In the data that follows, count the lines where "forall" appears, and write only the number.

▶ Records
--- START ---

(* Let $\bar U\in\mathcal{U}$ be such that $(A_{\bar U},G_{\bar U})$ is reachable and $(C_{\bar U},A_{\bar U})$ is observable. Let $\tilde R$ be the unique positive definite solution of $$\tilde R=A_{\bar U}(\tilde R-\tilde FC_{\bar U}\tilde R)A_{\bar U}^{\top}+G_{\bar U}G_{\bar U}^{\top},\qquad \tilde F=\tilde RC_{\bar U}^{\top}(C_{\bar U}\tilde RC_{\bar U}^{\top}+M)^{-1}.$$ Let $\sigma_1,\dots,\sigma_r$ be the eigenvalues of $A_{\bar U}(I_r-\tilde FC_{\bar U})\in\mathbb{R}^{r\times r}$. Then the eigenvalues of $A_d(I_n-\bar U\tilde FC)\in\mathbb{R}^{n\times n}$, counted with multiplicity, are $$\sigma_1,\dots,\sigma_r,\ e^{\lambda_{r+1}(A)h},\dots,e^{\lambda_n(A)h}.$$
   Context: Let $A\in\mathbb{R}^{n\times n}$ have eigenvalues $\lambda_1(A),\dots,\lambda_n(A)$, ordered so that $\mathrm{Re}\,\lambda_1(A)\ge\dots\ge\mathrm{Re}\,\lambda_n(A)$, with unit-norm (generalized) eigenvectors $\psi_i(A)$. Fix $r\in\{1,\dots,n-1\}$ with $\mathrm{Re}\,\lambda_r(A)>\mathrm{Re}\,\lambda_{r+1}(A)$. Let $\mathrm{St}(r,n)=\{X\in\mathbb{R}^{n\times r}:X^{\top}X=I_r\}$ and $$\mathcal{U}=\{(\psi_1(A),\dots,\psi_r(A))K\in\mathrm{St}(r,n):K\in\mathbb{C}^{r\times r}\}.$$ These are the real orthonormal-column matrices whose column space is the $A$-invariant subspace spanned by $\psi_1(A),\dots,\psi_r(A)$; every $\bar U\in\mathcal{U}$ satisfies $(I_n-\bar U\bar U^{\top})A\bar U=0$. Let $h>0$, $A_d=e^{Ah}$, $G\in\mathbb{R}^{n\times q}$ and $$G_d=\sqrt{\int_0^h e^{A\tau}GG^{\top}e^{A^{\top}\tau}d\tau}$$ (positive semidefinite square root). Let $C\in\mathbb{R}^{p\times n}$ and $H\in\mathbb{R}^{p\times p}$ with $\det H\ne0$, and set $M=HH^{\top}$. Define $A_{\bar U}=\bar U^{\top}A_d\bar U$, $G_{\bar U}=\bar U^{\top}G_d$ and $C_{\bar U}=C\bar U$. *)

theory Defs
  imports "HOL-Analysis.Analysis" "HOL-Computational_Algebra.Polynomial"
begin

primrec matpow :: "'a::comm_ring_1^'n^'n \<Rightarrow> nat \<Rightarrow> 'a^'n^'n" where
  "matpow A 0 = mat 1"
| "matpow A (Suc k) = A ** matpow A k"

definition mexp :: "real^'n^'n \<Rightarrow> real^'n^'n" where
  "mexp A = (\<chi> i j. (\<Sum>k. (matpow A k) $ i $ j / fact k))"

definition psd :: "real^'n^'n \<Rightarrow> bool" where
  "psd S \<longleftrightarrow> transpose S = S \<and> (\<forall>x. 0 \<le> x \<bullet> (S *v x))"

definition pd :: "real^'n^'n \<Rightarrow> bool" where
  "pd S \<longleftrightarrow> transpose S = S \<and> (\<forall>x. x \<noteq> 0 \<longrightarrow> 0 < x \<bullet> (S *v x))"

definition psd_sqrt :: "real^'n^'n \<Rightarrow> real^'n^'n" where
  "psd_sqrt W = (THE S. psd S \<and> S ** S = W)"

definition disc_noise :: "real \<Rightarrow> real^'n^'n \<Rightarrow> real^'q^'n \<Rightarrow> real^'n^'n" where
  "disc_noise h A G = psd_sqrt (integral {0..h}
      (\<lambda>\<tau>. mexp (\<tau> *\<^sub>R A) ** G ** transpose G ** transpose (mexp (\<tau> *\<^sub>R A))))"

definition reachable :: "real^'r^'r \<Rightarrow> real^'q^'r \<Rightarrow> bool" where
  "reachable A B \<longleftrightarrow>
     span (\<Union>k\<in>{..<CARD('r)}. range (\<lambda>v. (matpow A k ** B) *v v)) = UNIV"

definition observable :: "real^'r^'p \<Rightarrow> real^'r^'r \<Rightarrow> bool" where
  "observable C A \<longleftrightarrow>
     (\<forall>x. (\<forall>k<CARD('r). (C ** matpow A k) *v x = 0) \<longrightarrow> x = 0)"

definition cmat :: "real^'m^'n \<Rightarrow> complex^'m^'n" where
  "cmat A = (\<chi> i j. complex_of_real (A $ i $ j))"

text \<open>Characteristic polynomial det(x I - A) over the complex numbers; its roots,
  counted with multiplicity, are the eigenvalues of A counted with multiplicity.\<close>
definition charpoly :: "real^'n^'n \<Rightarrow> complex poly" where
  "charpoly A = det (\<chi> i j. (if i = j then [:0, 1:] else 0) - [: complex_of_real (A $ i $ j) :])"

definition gen_eigvecs :: "real^'n^'n \<Rightarrow> complex \<Rightarrow> (complex^'n) set" where
  "gen_eigvecs A \<mu> = {v. \<exists>k. matpow (cmat A - mat \<mu>) k *v v = 0}"

text \<open>The set U: real n x r matrices with orthonormal columns whose (complex) column space is
  the span of the generalized eigenvectors of A for lambda_1,...,lambda_r (0-indexed: lam 0 .. lam (r-1)),
  r = CARD('r).\<close>
definition frames :: "real^'n^'n \<Rightarrow> (nat \<Rightarrow> complex) \<Rightarrow> (real^'r^'n) set" where
  "frames A lam = {U. transpose U ** U = mat 1 \<and>
      range (\<lambda>c. cmat U *v c) = vec.span (\<Union>i\<in>{..<CARD('r)}. gen_eigvecs A (lam i))}"

end

theory Submission
  imports Defs "Jordan_Normal_Form.Schur_Decomposition"
begin

text \<open>
  Write \<open>\<chi>\<close> for the characteristic polynomial. The columns of \<open>U\<close> span an
  \<open>A\<close>-invariant subspace, so \<open>A U = U B\<close> with \<open>B = U\<^sup>T A U\<close>, and hence
  \<open>A\<^sub>d U = U A\<^sub>U\<close> with \<open>A\<^sub>U = e\<^bsup>hB\<^esup>\<close>. Whenever \<open>X U = U Y\<close>, a block-determinant
  computation gives \<open>\<chi>(X - U K) \<chi>(Y) = \<chi>(X) \<chi>(Y - K U)\<close> for every \<open>K\<close>; with
  \<open>X = A\<^sub>d\<close>, \<open>Y = A\<^sub>U\<close>, \<open>K = A\<^sub>U F C\<close> this reduces the claim to
  \<open>\<chi>(A\<^sub>d) = \<chi>(A\<^sub>U) \<cdot> \<Prod>\<^bsub>i > r\<^esub> (x - e\<^bsup>\<lambda>\<^sub>i h\<^esup>)\<close>.

  By Schur triangularisation the eigenvalues of \<open>e\<^bsup>hX\<^esup>\<close> are the \<open>e\<^bsup>\<mu> h\<^esup>\<close> for the
  eigenvalues \<open>\<mu>\<close> of \<open>X\<close>, so it remains to see that \<open>B\<close> has exactly the eigenvalues
  \<open>\<lambda>\<^sub>1, \<dots>, \<lambda>\<^sub>r\<close>. Taking \<open>X = A\<close>, \<open>Y = B\<close> and \<open>K = U\<^sup>T(A - c)\<close> in the identity above gives
  \<open>\<chi>(A - U K) \<chi>(B) = \<chi>(A) (x - c)\<^sup>r\<close>; for \<open>c\<close> not an eigenvalue of \<open>B\<close> the eigenvalues of \<open>B\<close>
  therefore form a sub-multiset of those of \<open>A\<close>. An eigenvector of \<open>B\<close> yields an
  eigenvector of \<open>A\<close> inside the span of the generalised eigenspaces of
  \<open>\<lambda>\<^sub>1, \<dots>, \<lambda>\<^sub>r\<close>, which forces its eigenvalue to be one of them; by the spectral gap
  the only sub-multiset of size \<open>r\<close> with this property is \<open>\<lambda>\<^sub>1, \<dots>, \<lambda>\<^sub>r\<close>.
\<close>

hide_const (open) Matrix.mat Determinant.det Matrix.vec Matrix.row
no_notation vec_index (infixl "$" 100)

definition idx :: "'n::finite \<Rightarrow> nat" where
  "idx = (SOME f. bij_betw f (UNIV::'n set) {0..<CARD('n)})"

lemma idx_bij: "bij_betw (idx::'n::finite\<Rightarrow>nat) UNIV {0..<CARD('n)}"
proof -
  have "\<exists>f. bij_betw f (UNIV::'n set) {0..<CARD('n)}"
    using ex_bij_betw_finite_nat[of "UNIV::'n set"] by simp
  then show ?thesis unfolding idx_def by (rule someI_ex)
qed

definition ridx :: "nat \<Rightarrow> 'n::finite" where
  "ridx = inv_into UNIV idx"

lemma idx_less[simp]: "idx (i::'n::finite) < CARD('n)"
  using idx_bij[where 'n='n] by (auto simp: bij_betw_def)

lemma idx_inj: "inj (idx :: 'n::finite \<Rightarrow> nat)"
  using idx_bij[where 'n='n] by (auto simp: bij_betw_def)

lemma ridx_idx[simp]: "ridx (idx (i::'n::finite)) = i"
  unfolding ridx_def by (rule inv_f_f[OF idx_inj])

lemma idx_ridx[simp]: "k < CARD('n) \<Longrightarrow> idx (ridx k :: 'n::finite) = k"
  unfolding ridx_def using idx_bij[where 'n='n]
  by (metis atLeastLessThan_iff bij_betw_inv_into_right zero_le)

lemma ridx_eq_iff[simp]:
  "i < CARD('n) \<Longrightarrow> j < CARD('n) \<Longrightarrow> (ridx i :: 'n::finite) = ridx j \<longleftrightarrow> i = j"
  by (metis idx_ridx)

lemma ridx_bij: "bij_betw (ridx :: nat \<Rightarrow> 'n::finite) {0..<CARD('n)} UNIV"
  unfolding ridx_def by (rule bij_betw_inv_into[OF idx_bij])

lemma sum_idx: "(\<Sum>k\<in>{0..<CARD('n)}. f k) = (\<Sum>i\<in>(UNIV::'n::finite set). f (idx i))"
  by (rule sum.reindex_bij_betw[OF idx_bij, symmetric])

lemma prod_idx: "(\<Prod>k\<in>{0..<CARD('n)}. f k) = (\<Prod>i\<in>(UNIV::'n::finite set). f (idx i))"
  by (rule prod.reindex_bij_betw[OF idx_bij, symmetric])

definition to_mat :: "'a^'m::finite^'n::finite \<Rightarrow> 'a mat" where
  "to_mat A = Matrix.mat CARD('n) CARD('m) (\<lambda>(i,j). A $ ridx i $ ridx j)"

definition of_mat :: "'a mat \<Rightarrow> 'a^'m::finite^'n::finite" where
  "of_mat M = (\<chi> i j. M $$ (idx i, idx j))"

lemma to_mat_carrier[simp]: "to_mat (A::'a^'m::finite^'n::finite) \<in> carrier_mat CARD('n) CARD('m)"
  unfolding to_mat_def by simp

lemma dim_to_mat[simp]: "dim_row (to_mat (A::'a^'m::finite^'n::finite)) = CARD('n)"
  "dim_col (to_mat (A::'a^'m::finite^'n::finite)) = CARD('m)"
  unfolding to_mat_def by simp_all

lemma index_to_mat[simp]: "i < CARD('n) \<Longrightarrow> j < CARD('m) \<Longrightarrow>
   to_mat (A::'a^'m::finite^'n::finite) $$ (i,j) = A $ ridx i $ ridx j"
  unfolding to_mat_def by simp

lemma of_to_mat[simp]: "of_mat (to_mat A) = A"
  unfolding of_mat_def by (simp add: vec_eq_iff)

lemma to_mat_inj: "to_mat A = to_mat B \<Longrightarrow> A = B"
  by (metis of_to_mat)

lemma to_mat_mult: "to_mat ((A::'a::semiring_1^'m::finite^'n::finite) ** (B::'a^'k::finite^'m)) = to_mat A * to_mat B"
proof (intro eq_matI)
  fix i j assume "i < dim_row (to_mat A * to_mat B)" and "j < dim_col (to_mat A * to_mat B)"
  hence i: "i < CARD('n)" and j: "j < CARD('k)" by auto
  have "(to_mat A * to_mat B) $$ (i,j) = (\<Sum>l\<in>{0..<CARD('m)}. A $ ridx i $ ridx l * B $ ridx l $ ridx j)"
    using i j by (simp add: scalar_prod_def Matrix.row_def col_def)
  also have "\<dots> = (\<Sum>l\<in>UNIV. A $ ridx i $ l * B $ l $ ridx j)"
    by (subst sum_idx) simp
  finally show "to_mat (A ** B) $$ (i, j) = (to_mat A * to_mat B) $$ (i, j)"
    using i j by (simp add: matrix_matrix_mult_def)
qed auto

lemma to_mat_add: "to_mat ((A::'a::plus^'m::finite^'n::finite) + B) = to_mat A + to_mat B"
  by (intro eq_matI) auto

lemma to_mat_one: "to_mat (mat 1 :: 'a::{zero,one}^'n::finite^'n) = 1\<^sub>m CARD('n)"
  by (intro eq_matI) (auto simp: Finite_Cartesian_Product.mat_def)

lemma pow_mat_Suc_left:
  assumes "(A :: 'a :: semiring_1 mat) \<in> carrier_mat n n"
  shows "A ^\<^sub>m Suc k = A * A ^\<^sub>m k"
proof (induction k)
  case 0 then show ?case using assms by simp
next
  case (Suc k)
  have "A ^\<^sub>m Suc (Suc k) = (A * A ^\<^sub>m k) * A" using Suc by simp
  also have "\<dots> = A * (A ^\<^sub>m k * A)" using assms by (intro assoc_mult_mat) auto
  finally show ?case by simp
qed

lemma to_mat_matpow: "to_mat (matpow (A::'a::comm_ring_1^'n::finite^'n) k) = to_mat A ^\<^sub>m k"
proof (induction k)
  case 0 then show ?case by (simp add: to_mat_one)
next
  case (Suc k)
  have "to_mat (matpow A (Suc k)) = to_mat A * to_mat A ^\<^sub>m k"
    by (simp add: to_mat_mult Suc)
  also have "\<dots> = to_mat A ^\<^sub>m k * to_mat A"
    by (metis pow_mat.simps(2) pow_mat_Suc_left to_mat_carrier)
  finally show ?case by simp
qed

lemma map_permutation_idx_bij:
  "bij_betw (map_permutation (UNIV::'n::finite set) idx)
     {p. p permutes (UNIV::'n set)} {q. q permutes {0..<CARD('n)}}"
proof (rule bij_betw_byWitness[where f'="map_permutation {0..<CARD('n)} (ridx :: nat \<Rightarrow> 'n)"])
  show "\<forall>p\<in>{p. p permutes (UNIV::'n set)}.
      map_permutation {0..<CARD('n)} ridx (map_permutation UNIV idx p) = p"
    by (auto intro!: map_permutation_compose_inv idx_bij)
  show "\<forall>q\<in>{q. q permutes {0..<CARD('n)}}.
      map_permutation UNIV idx (map_permutation {0..<CARD('n)} (ridx :: nat \<Rightarrow> 'n) q) = q"
    by (auto intro!: map_permutation_compose_inv ridx_bij)
qed (auto intro!: map_permutation_permutes idx_bij ridx_bij)

lemma det_to_mat: "Determinant.det (to_mat (A::'a::comm_ring_1^'n::finite^'n)) = det A"
proof -
  let ?n = "CARD('n)"
  let ?P = "{p. p permutes (UNIV::'n set)}"
  let ?Q = "{q. q permutes {0..<?n}}"
  define \<phi> where "\<phi> = map_permutation (UNIV::'n set) idx"
  have bij: "bij_betw \<phi> ?P ?Q"
    unfolding \<phi>_def by (rule map_permutation_idx_bij)
  have "Determinant.det (to_mat A) = (\<Sum>q\<in>?Q. signof q * (\<Prod>i = 0..<?n. to_mat A $$ (i, q i)))"
    unfolding Determinant.det_def by simp
  also have "\<dots> = (\<Sum>p\<in>?P. signof (\<phi> p) * (\<Prod>i = 0..<?n. to_mat A $$ (i, \<phi> p i)))"
    by (rule sum.reindex_bij_betw[OF bij, symmetric])
  also have "\<dots> = (\<Sum>p\<in>?P. of_int (sign p) * (\<Prod>x\<in>UNIV. A $ x $ p x))"
  proof (rule sum.cong[OF refl])
    fix p assume p: "p \<in> ?P"
    have s: "sign (\<phi> p) = sign p" unfolding \<phi>_def
      by (rule sign_map_permutation) (use p idx_inj in auto)
    have "(\<Prod>i = 0..<?n. to_mat A $$ (i, \<phi> p i)) = (\<Prod>x\<in>(UNIV::'n set). to_mat A $$ (idx x, \<phi> p (idx x)))"
      by (rule prod_idx)
    also have "\<dots> = (\<Prod>x\<in>UNIV. A $ x $ p x)"
    proof (rule prod.cong[OF refl])
      fix x
      have "\<phi> p (idx x) = idx (p x)" unfolding \<phi>_def
        by (rule map_permutation_apply) (use idx_inj in auto)
      then show "to_mat A $$ (idx x, \<phi> p (idx x)) = A $ x $ p x" by simp
    qed
    finally show "signof (\<phi> p) * (\<Prod>i = 0..<?n. to_mat A $$ (i, \<phi> p i)) = of_int (sign p) * (\<Prod>x\<in>UNIV. A $ x $ p x)"
      using s by simp
  qed
  also have "\<dots> = det A" unfolding Determinants.det_def by simp
  finally show ?thesis .
qed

--- END ---

▶ Written answer
5